Directions:
Take each line below that has "longrightarrow" and copy it.

Provided material:
==================================================
lemma length_le_degeneracy:
  assumes "card V < 2 ^ K * (f + 1)"
  shows "length L \<le> (K * (f + 2) + f + 1) * card V"
proof -
  have "{e \<in> set L. e \<subseteq> V} = set L" using set_L_subset edge_subset by auto
  then have "length L = card {e \<in> set L. e \<subseteq> V}" by (simp add: distinct_card[OF distinct_L])
  also have "\<dots> \<le> (K * (f + 2) + f + 1) * card V"
    using card_edge set_L_subset exists_low_deg_vertex[OF assms]
    by (intro card_edges_le_degenerate[OF finite_V]) auto
  finally show ?thesis .
qed

lemma length_le_log_bound:
  assumes "1 \<le> f" "4 * f \<le> card V"
  shows "real (length L) \<le> 6 * real f * real (card V) * log 2 (real (card V) / real f)"
proof -
  define K where "K = nat \<lceil>log 2 (real (card V) / real f)\<rceil>"
  have "length L \<le> (K * (f + 2) + f + 1) * card V"
    using ceiling_log_bounds(1)[OF assms, folded K_def] by (rule length_le_degeneracy)
  then have "real (length L) \<le> real (K * (f + 2) + f + 1) * real (card V)"
    by (metis of_nat_le_iff of_nat_mult)
  also have "\<dots> \<le> 6 * real f * log 2 (real (card V) / real f) * real (card V)"
    using ceiling_log_bounds(2)[OF assms, folded K_def] by (intro mult_right_mono) auto
  finally show ?thesis by (simp only: ac_simps)
qed

end

theorem mainTheorem4:
  shows "\<exists>C::real.
    (\<forall>(V::'a set) es (f::nat).
       simple_graph V es \<and> f \<ge> 1 \<and> card V > 10 * f \<and> admits_MFD_blocking_set V es f \<longrightarrow>
       real (length es) \<le> C * real f * real (card V) * log 2 (real (card V) / real f))
  \<and> (\<forall>(V::'a set) es (f::nat).
       simple_graph V es \<and> f \<ge> 1 \<and> card V > 10 * f \<longrightarrow>
       real (length (FTGreedyMFDCertificate V es f))
         \<le> C * real f * real (card V) * log 2 (real (card V) / real f))"
proof (intro exI[of _ 6] conjI allI impI)
  fix V :: "'a set" and es and f :: nat
  assume asm: "simple_graph V es \<and> f \<ge> 1 \<and> card V > 10 * f \<and> admits_MFD_blocking_set V es f"
  then interpret blocked_edge_list V "set es" f es
    by unfold_locales
      (auto simp: simple_graph_def admits_MFD_blocking_set_def dest: blocked_list_if_MFD_blocking_set)
  show "real (length es) \<le> 6 * real f * real (card V) * log 2 (real (card V) / real f)"
    using asm by (intro length_le_log_bound) auto
next
  fix V :: "'a set" and es and f :: nat
  assume asm: "simple_graph V es \<and> f \<ge> 1 \<and> card V > 10 * f"
  then interpret blocked_edge_list V "set es" f "FTGreedyMFDCertificate V es f"
    using set_greedy_fold_subset[of V "set es" f es "[]"]
      blocked_list_greedy_fold[OF blocked_list_Nil, of V "set es" f es]
    by unfold_locales (auto simp: simple_graph_def FTGreedyMFDCertificate_def)
  show "real (length (FTGreedyMFDCertificate V es f))
      \<le> 6 * real f * real (card V) * log 2 (real (card V) / real f)"
    using asm by (intro length_le_log_bound) auto
qed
==================================================
Task answer:
       simple_graph V es \<and> f \<ge> 1 \<and> card V > 10 * f \<and> admits_MFD_blocking_set V es f \<longrightarrow>
       simple_graph V es \<and> f \<ge> 1 \<and> card V > 10 * f \<longrightarrow>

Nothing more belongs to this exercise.